To date, neither Avacta nor Mologic have received any update from the MHRA. Avacta will update the market when it is in a position to do so.
About Avacta Group plc – https://www.avacta.com
Avacta Group is developing novel cancer immunotherapies and powerful diagnostics based on its two proprietary platforms – Affimer® biologics and pre|CISION™ tumour targeted chemotherapies.
The Affimer platform is an alternative to antibodies derived from a small human protein. Despite their shortcomings, antibodies currently dominate markets, such as diagnostics and therapeutics, worth in excess of $100bn. Affimer technology has been designed to address many of these negative performance issues, principally: the time taken to generate new antibodies and the reliance on an animal’s immune response; poor specificity in many cases; their large size, complexity and high cost of manufacture.
Avacta’s pre|CISION targeted chemotherapy platform releases active chemotherapy in the tumour, which limits the systemic exposure that causes damage to healthy tissues, and thereby improves the overall safety and therapeutic potential of these powerful anti-cancer treatments.
The Group comprises two divisions: The therapeutics development activities are based in Cambridge, UK and the Group is generating near-term revenues from Affimer reagents for diagnostics, bioprocessing and research, through a separate diagnostics business unit based in Wetherby, UK.
Avacta’s Diagnostics Division works with partners world-wide to develop bespoke Affimer reagents for third party products. The Group is also developing an in-house pipeline of Affimer-based diagnostic assays including the AffiDX® SARS-CoV-2 Lateral Flow Rapid Antigen Test and AffiDX® BAMS™ SARS-CoV-2 Assay in partnership with Adeptrix Inc.
Avacta’s Therapeutics Division is addressing a critical gap in current cancer treatment – the lack of a durable response to current immunotherapies experienced by most patients. By combining its two proprietary platforms the Group is building a wholly owned pipeline of novel cancer therapies deigned to be effective for all cancer patients. In 2021 Avacta will commence a phase 1 first-in-human, open label, dose-escalation and expansion study of AVA6000 Pro-doxorubicin, the Group’s lead pre|CISION™ prodrug, in patients with locally advanced or metastatic selected solid tumours.

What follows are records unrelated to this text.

lemma slides_Idt:
  assumes "wf_tm W" "ok_ob y" "src (L (Idt y)) = src W" "tgt (R (Idt y)) = tgt W"
  shows "slides W (Idt y)"
proof -
  obtain \<phi> where "\<And>f. src (R f) = \<phi> (src f)" "\<And>f. tgt (R f) = \<phi> (tgt f)"
    using whiskering_obE[OF whiskering_R] by blast
  then have R_src: "src (R (Idt y)) = tgt W" using assms(4) by simp
  show ?thesis unfolding slides_def
    by (rule intertwines_cong[OF intertwines_Idt[OF assms(1)]
        eqv_sym[OF whiskering_Idt[OF whiskering_L assms(2), unfolded assms(3)]]
        eqv_sym[OF whiskering_Idt[OF whiskering_R assms(2), unfolded R_src]]])
qed

lemma slides_round_trip:
  assumes "eqv (Cmp V W) (L g)" "eqv (Cmp W V) (R g)" shows "slides W g"
proof -
  note ty = eqv_wf[OF assms(1)] eqv_wf[OF assms(2)]
  have "eqv (Cmp W (L g)) (Cmp W (Cmp V W))"
    by (rule eqv_Cmp[OF eqv_refl eqv_sym[OF assms(1)]]) (use ty in auto)
  also have "eqv \<dots> (Cmp (Cmp W V) W)"
    using ty by (intro eqv_sym[OF eqv_Cmp_assoc]) auto
  also have "eqv \<dots> (Cmp (R g) W)"
    by (rule eqv_Cmp[OF assms(2) eqv_refl]) (use ty in auto)
  finally show ?thesis unfolding slides_def intertwines_def .
qed

lemma intertwines_whiskered_Cmp:
  assumes "intertwines W (L f) (R f) V" "intertwines V (L g) (R g) W'"
  shows "intertwines W (L (Cmp f g)) (R (Cmp f g)) W'"
proof -
  obtain \<phi> where \<phi>: "inj \<phi>" "\<And>f. src (L f) = \<phi> (src f)" "\<And>f. tgt (L f) = \<phi> (tgt f)"
    using whiskering_obE[OF whiskering_L] by blast
  have "\<phi> (src f) = \<phi> (tgt g)"
    using intertwines_wf[OF assms(1)] intertwines_wf[OF assms(2)] unfolding \<phi>(2,3)[symmetric] by simp
  then have wf: "wf_tm (Cmp f g)"
    using \<phi>(1) intertwines_wf[OF assms(1)] intertwines_wf[OF assms(2)]
    by (simp add: whiskering_wf[OF whiskering_L] inj_eq)
  show ?thesis
    by (rule intertwines_cong[OF intertwines_Cmp[OF assms]
          whiskering_Cmp[OF whiskering_L wf] whiskering_Cmp[OF whiskering_R wf]])
qed

end

lemma blk_pos [simp]: "1 \<le> a \<Longrightarrow> blk a = [Blk a]"
  by (simp add: blk_def)

lemma ok_ob_blk [simp]: "ok_ob (blk a)"
  by (simp add: blk_def)

lemma tsum_wf:
  "ok_ob x \<Longrightarrow> ok_ob y \<Longrightarrow> \<forall>f\<in>set fs. wf_tm f \<and> src f = x \<and> tgt f = y \<Longrightarrow>
   wf_tm (tsum x y fs) \<and> src (tsum x y fs) = x \<and> tgt (tsum x y fs) = y"
  by (induction fs) auto

lemma omg_wf: "wf_tm (omg a r) \<and> src (omg a r) = blk a \<and> tgt (omg a r) = blk a"
  by (auto simp: omg_def mg_def sp_def dt_def idb_def blk_def)

lemma gpol_wf: "wf_tm (gpol r u) \<and> src (gpol r u) = blk r \<and> tgt (gpol r u) = blk r"
  unfolding gpol_def by (rule tsum_wf) (auto simp: omg_wf)

lemma omg_0: "1 \<le> a \<Longrightarrow> omg a 0 = Idt [Blk a]"
  by (simp add: omg_def idb_def)

lemma omg_add: "1 \<le> r \<Longrightarrow> 1 \<le> s \<Longrightarrow>
  omg (r + s) r = Cmp (Mg r s) (Cmp (Tns (Dt r) (Idt [Blk s])) (Sp r s))"
  by (simp add: omg_def mg_def sp_def dt_def idb_def)

lemma omg_self_eqv_Dt:
  assumes "1 \<le> a" shows "eqv (omg a a) (Dt a)"
proof -
  have "omg a a = Cmp (Idt [Blk a]) (Cmp (Tns (Dt a) (Idt [])) (Idt [Blk a]))"
    using assms by (simp add: omg_def mg_def sp_def dt_def idb_def blk_def)
  also have "eqv \<dots> (Cmp (Tns (Dt a) (Idt [])) (Idt [Blk a]))"
    using assms eqv_Idt_Cmp[of "Cmp (Tns (Dt a) (Idt [])) (Idt [Blk a])"] by simp
  also have "eqv \<dots> (Tns (Dt a) (Idt []))"
    using assms eqv_Cmp_Idt[of "Tns (Dt a) (Idt [])"] by simp
  also have "eqv \<dots> (Dt a)"
    using assms by (intro eqv_ax[OF ax.t_unr]) auto
  finally show ?thesis .
qed

lemma gpol_leading_term: "1 \<le> a \<Longrightarrow> gpol a u = Pls (Scl 1 (omg a a))
   (tsum [Blk a] [Blk a] [Scl ((-1)^i * (\<Prod>j<i. u + of_nat j)) (omg a (a-i)). i \<leftarrow> [1..<a+1]])"
  unfolding gpol_def by (simp add: upt_conv_Cons del: upt_Suc)

text \<open>T a stands for the traverse U_{a,u} (or D_{u,a}), and V r s for the pair of traverses
  of thicknesses r and s into which (R9) splits T (r + s).\<close>

locale traverse_family = whiskering_pair x L R
  for x :: "'k::comm_ring_1 ob" and L R +
  fixes u :: 'k and T :: "nat \<Rightarrow> 'k tm" and V :: "nat \<Rightarrow> nat \<Rightarrow> 'k tm"
  assumes slides_Idt_Blk: "1 \<le> a \<Longrightarrow> slides (T a) (Idt [Blk a])"
    and slides_gpol: "1 \<le> a \<Longrightarrow> slides (T a) (gpol a u)"
    and Mg_intertwines: "1 \<le> r \<Longrightarrow> 1 \<le> s \<Longrightarrow> intertwines (T (r+s)) (L (Mg r s)) (R (Mg r s)) (V r s)"
    and Sp_intertwines: "1 \<le> r \<Longrightarrow> 1 \<le> s \<Longrightarrow> intertwines (V r s) (L (Sp r s)) (R (Sp r s)) (T (r+s))"
    and Dt_slides_pair: "1 \<le> r \<Longrightarrow> 1 \<le> s \<Longrightarrow> slides (T r) (Dt r) \<Longrightarrow>
      slides (V r s) (Tns (Dt r) (Idt [Blk s]))"
begin

lemma slides_omg_below:
  assumes "r < a" and Dt: "\<And>r. 1 \<le> r \<Longrightarrow> r < a \<Longrightarrow> slides (T r) (Dt r)"
  shows "slides (T a) (omg a r)"
proof (cases "r = 0")
  case True
  then show ?thesis using assms(1) slides_Idt_Blk by (simp add: omg_0)
next
  case False
  define s where "s = a - r"
  have rs: "1 \<le> r" "1 \<le> s" "a = r + s" using False assms(1) by (auto simp: s_def)
  have "intertwines (V r s) (L (Cmp (Tns (Dt r) (Idt [Blk s])) (Sp r s)))
      (R (Cmp (Tns (Dt r) (Idt [Blk s])) (Sp r s))) (T (r+s))"
    using Dt_slides_pair[OF rs(1,2) Dt] Sp_intertwines[OF rs(1,2)] rs
    unfolding slides_def by (intro intertwines_whiskered_Cmp) auto
  then have "slides (T (r+s)) (omg (r+s) r)"
    unfolding slides_def omg_add[OF rs(1,2)]
    by (rule intertwines_whiskered_Cmp[OF Mg_intertwines[OF rs(1,2)]])
  then show ?thesis using rs(3) by simp
qed

lemma slides_Dt: "1 \<le> a \<Longrightarrow> slides (T a) (Dt a)"
proof (induction a rule: less_induct)
  case (less a)
  let ?lower = "[Scl ((-1)^i * (\<Prod>j<i. u + of_nat j)) (omg a (a-i)). i \<leftarrow> [1..<a+1]]"
  have lower: "slides (T a) (omg a r)" if "r < a" for r
    using that less.IH by (intro slides_omg_below) auto
  have "slides (T a) (Zer [Blk a] [Blk a])"
    using slides_Zer[OF slides_Idt_Blk[OF less.prems]] by simp
  then have "slides (T a) (tsum [Blk a] [Blk a] ?lower)"
    using less.prems by (intro slides_tsum) (auto intro!: slides_Scl lower)
  then have "slides (T a) (Scl 1 (omg a a))"
    using slides_gpol[OF less.prems] less.prems
    by (auto simp: gpol_leading_term intro: slides_cancel)
  then have "slides (T a) (omg a a)"
    by (rule slides_cong) (intro eqv_ax[OF ax.s_one], simp_all add: omg_wf)
  then show ?case
    by (rule slides_cong[OF _ omg_self_eqv_Dt[OF less.prems]])
qed

lemma slides_omg:
  assumes "1 \<le> a" "r \<le> a" shows "slides (T a) (omg a r)"
proof (cases "r = a")
  case True
  then show ?thesis
    using slides_cong[OF slides_Dt eqv_sym[OF omg_self_eqv_Dt]] assms(1) by simp
next
  case False
  then show ?thesis using assms by (intro slides_omg_below slides_Dt) auto
qed

end

lemma whiskering_pair_Red:
  "whiskering_pair [Red u] (\<lambda>f. Tns f (idr u)) (Tns (idr u))"
  "whiskering_pair [Red u] (Tns (idr u)) (\<lambda>f. Tns f (idr u))"
  by unfold_locales (simp_all add: whiskering_def idr_def)

definition Up_pair :: "'k \<Rightarrow> nat \<Rightarrow> nat \<Rightarrow> 'k tm" where
  "Up_pair u r s = Cmp (Tns (Up r u) (Idt [Blk s])) (Tns (Idt [Blk r]) (Up s u))"

definition Dn_pair :: "'k \<Rightarrow> nat \<Rightarrow> nat \<Rightarrow> 'k tm" where
  "Dn_pair u r s = Cmp (Tns (Idt [Blk r]) (Dn u s)) (Tns (Dn u r) (Idt [Blk s]))"

lemma Up_pair_Dt:
  fixes u :: "'k::comm_ring_1"
  assumes rs: "1 \<le> r" "1 \<le> s"
    and Dt: "intertwines (Up r u) (Tns (Dt r) (Idt [Red u])) (Tns (Idt [Red u]) (Dt r)) (Up r u)"
  shows "intertwines (Up_pair u r s) (Tns (Tns (Dt r) (Idt [Blk s])) (Idt [Red u]))
    (Tns (Idt [Red u]) (Tns (Dt r) (Idt [Blk s]))) (Up_pair u r s)"
proof -
  let ?I = "Idt [Red u]" and ?H = "Tns (Dt r) (Idt [Red u, Blk s])"
  have "intertwines (Tns (Idt [Blk r]) (Up s u)) (Tns (Dt r) (Idt [Blk s, Red u])) ?H
      (Tns (Idt [Blk r]) (Up s u))"
    using intertwines_Tns[OF Idt_intertwines[of "Dt r"] intertwines_Idt[of "Up s u"]] rs by simp
  moreover have "eqv (Tns (Dt r) (Idt [Blk s, Red u])) (Tns (Tns (Dt r) (Idt [Blk s])) ?I)"
    using eqv_sym[OF eqv_Tns_Idt_Idt[of "Dt r" "[Blk s]" "[Red u]"]] rs by simp
  moreover have "eqv ?H ?H"
    using rs by (intro eqv_refl) simp
  ultimately have below: "intertwines (Tns (Idt [Blk r]) (Up s u))
      (Tns (Tns (Dt r) (Idt [Blk s])) ?I) ?H (Tns (Idt [Blk r]) (Up s u))"
    by (rule intertwines_cong)
  have "intertwines (Tns (Up r u) (Idt [Blk s])) (Tns (Tns (Dt r) ?I) (Idt [Blk s]))
      (Tns (Tns ?I (Dt r)) (Idt [Blk s])) (Tns (Up r u) (Idt [Blk s]))"
    using intertwines_Tns[OF Dt Idt_intertwines[of "Idt [Blk s]"]] rs by simp
  moreover have "eqv (Tns (Tns (Dt r) ?I) (Idt [Blk s])) ?H"
    using eqv_Tns_Idt_Idt[of "Dt r" "[Red u]" "[Blk s]"] rs by simp
  moreover have "eqv (Tns (Tns ?I (Dt r)) (Idt [Blk s])) (Tns ?I (Tns (Dt r) (Idt [Blk s])))"
    using rs by (intro eqv_Tns_assoc) simp
  ultimately have above: "intertwines (Tns (Up r u) (Idt [Blk s])) ?H
      (Tns ?I (Tns (Dt r) (Idt [Blk s]))) (Tns (Up r u) (Idt [Blk s]))"
    by (rule intertwines_cong)
  show ?thesis
    unfolding Up_pair_def by (rule intertwines_Cmp_intertwiners[OF below above])
qed

lemma Dn_pair_Dt:
  fixes u :: "'k::comm_ring_1"
  assumes rs: "1 \<le> r" "1 \<le> s"
    and Dt: "intertwines (Dn u r) (Tns (Idt [Red u]) (Dt r)) (Tns (Dt r) (Idt [Red u])) (Dn u r)"
  shows "intertwines (Dn_pair u r s) (Tns (Idt [Red u]) (Tns (Dt r) (Idt [Blk s])))
    (Tns (Tns (Dt r) (Idt [Blk s])) (Idt [Red u])) (Dn_pair u r s)"
proof -
  let ?I = "Idt [Red u]" and ?H = "Tns (Dt r) (Idt [Red u, Blk s])"
  have "intertwines (Tns (Dn u r) (Idt [Blk s])) (Tns (Tns ?I (Dt r)) (Idt [Blk s]))
      (Tns (Tns (Dt r) ?I) (Idt [Blk s])) (Tns (Dn u r) (Idt [Blk s]))"
    using intertwines_Tns[OF Dt Idt_intertwines[of "Idt [Blk s]"]] rs by simp
  moreover have "eqv (Tns (Tns ?I (Dt r)) (Idt [Blk s])) (Tns ?I (Tns (Dt r) (Idt [Blk s])))"
    using rs by (intro eqv_Tns_assoc) simp
  moreover have "eqv (Tns (Tns (Dt r) ?I) (Idt [Blk s])) ?H"
    using eqv_Tns_Idt_Idt[of "Dt r" "[Red u]" "[Blk s]"] rs by simp
  ultimately have below: "intertwines (Tns (Dn u r) (Idt [Blk s]))
      (Tns ?I (Tns (Dt r) (Idt [Blk s]))) ?H (Tns (Dn u r) (Idt [Blk s]))"
    by (rule intertwines_cong)
  have "intertwines (Tns (Idt [Blk r]) (Dn u s)) ?H (Tns (Dt r) (Idt [Blk s, Red u]))
      (Tns (Idt [Blk r]) (Dn u s))"
    using intertwines_Tns[OF Idt_intertwines[of "Dt r"] intertwines_Idt[of "Dn u s"]] rs by simp
  moreover have "eqv ?H ?H"
    using rs by (intro eqv_refl) simp
  moreover have "eqv (Tns (Dt r) (Idt [Blk s, Red u])) (Tns (Tns (Dt r) (Idt [Blk s])) ?I)"
    using eqv_sym[OF eqv_Tns_Idt_Idt[of "Dt r" "[Blk s]" "[Red u]"]] rs by simp
  ultimately have above: "intertwines (Tns (Idt [Blk r]) (Dn u s)) ?H
      (Tns (Tns (Dt r) (Idt [Blk s])) ?I) (Tns (Idt [Blk r]) (Dn u s))"
    by (rule intertwines_cong)
  show ?thesis
    unfolding Dn_pair_def by (rule intertwines_Cmp_intertwiners[OF below above])
qed

lemma traverse_family_Up:
  "traverse_family [Red u] (\<lambda>f. Tns f (idr u)) (Tns (idr u)) u (\<lambda>a. Up a u) (Up_pair u)"
  unfolding idr_def
proof -
  let ?I = "Idt [Red u]"
  interpret whiskering_pair "[Red u]" "\<lambda>f. Tns f ?I" "Tns ?I"
    using whiskering_pair_Red(1)[of u] unfolding idr_def .
  show "traverse_family [Red u] (\<lambda>f. Tns f ?I) (Tns ?I) u (\<lambda>a. Up a u) (Up_pair u)"
  proof unfold_locales
    fix a :: nat assume "1 \<le> a"
    then show "slides (Up a u) (Idt [Blk a])" by (intro slides_Idt) simp_all
    show "slides (Up a u) (gpol a u)"
      using \<open>1 \<le> a\<close> gpol_wf[of a u]
      by (intro slides_round_trip[of "Dn u a"] eqv_ax[OF ax.R7a[unfolded idr_def]]
          eqv_ax[OF ax.R7b[unfolded idr_def]]) auto
  next
    fix r s :: nat assume rs: "1 \<le> r" "1 \<le> s"
    show "intertwines (Up (r+s) u) (Tns (Mg r s) ?I) (Tns ?I (Mg r s)) (Up_pair u r s)"
      unfolding intertwines_def Up_pair_def using rs by (intro eqv_ax[OF ax.R9d[unfolded idr_def]]) auto
    have "eqv (Cmp (Up_pair u r s) (Tns (Sp r s) ?I))
        (Cmp (Tns (Up r u) (Idt [Blk s])) (Cmp (Tns (Idt [Blk r]) (Up s u)) (Tns (Sp r s) ?I)))"
      unfolding Up_pair_def using rs by (intro eqv_Cmp_assoc) auto
    also have "eqv \<dots> (Cmp (Tns ?I (Sp r s)) (Up (r+s) u))"
      using rs by (intro eqv_sym[OF eqv_ax[OF ax.R9a[unfolded idr_def]]]) auto
    finally show "intertwines (Up_pair u r s) (Tns (Sp r s) ?I) (Tns ?I (Sp r s)) (Up (r+s) u)"
      unfolding intertwines_def .
    show "slides (Up r u) (Dt r) \<Longrightarrow> slides (Up_pair u r s) (Tns (Dt r) (Idt [Blk s]))"
      unfolding slides_def by (rule Up_pair_Dt[OF rs])
  qed
qed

Avacta has established drug development partnerships with pharma and biotech, including a research collaboration with ModernaTX,Inc. (formerly Moderna Therapeutics Inc.), a multi-target deal with LG Chem worth up to $400m, a joint venture in South Korea with Daewoong Pharmaceutical focused on cell and gene therapies incorporating Affimer immune-modulators, a partnership with ADC Therapeutics to develop Affimer-drug conjugates and a collaboration with Point Biopharma to develop radiopharmaceuticals based on the pre|CISION™ platform. Avacta continues to actively seek to license its proprietary platforms in a range of therapeutic areas.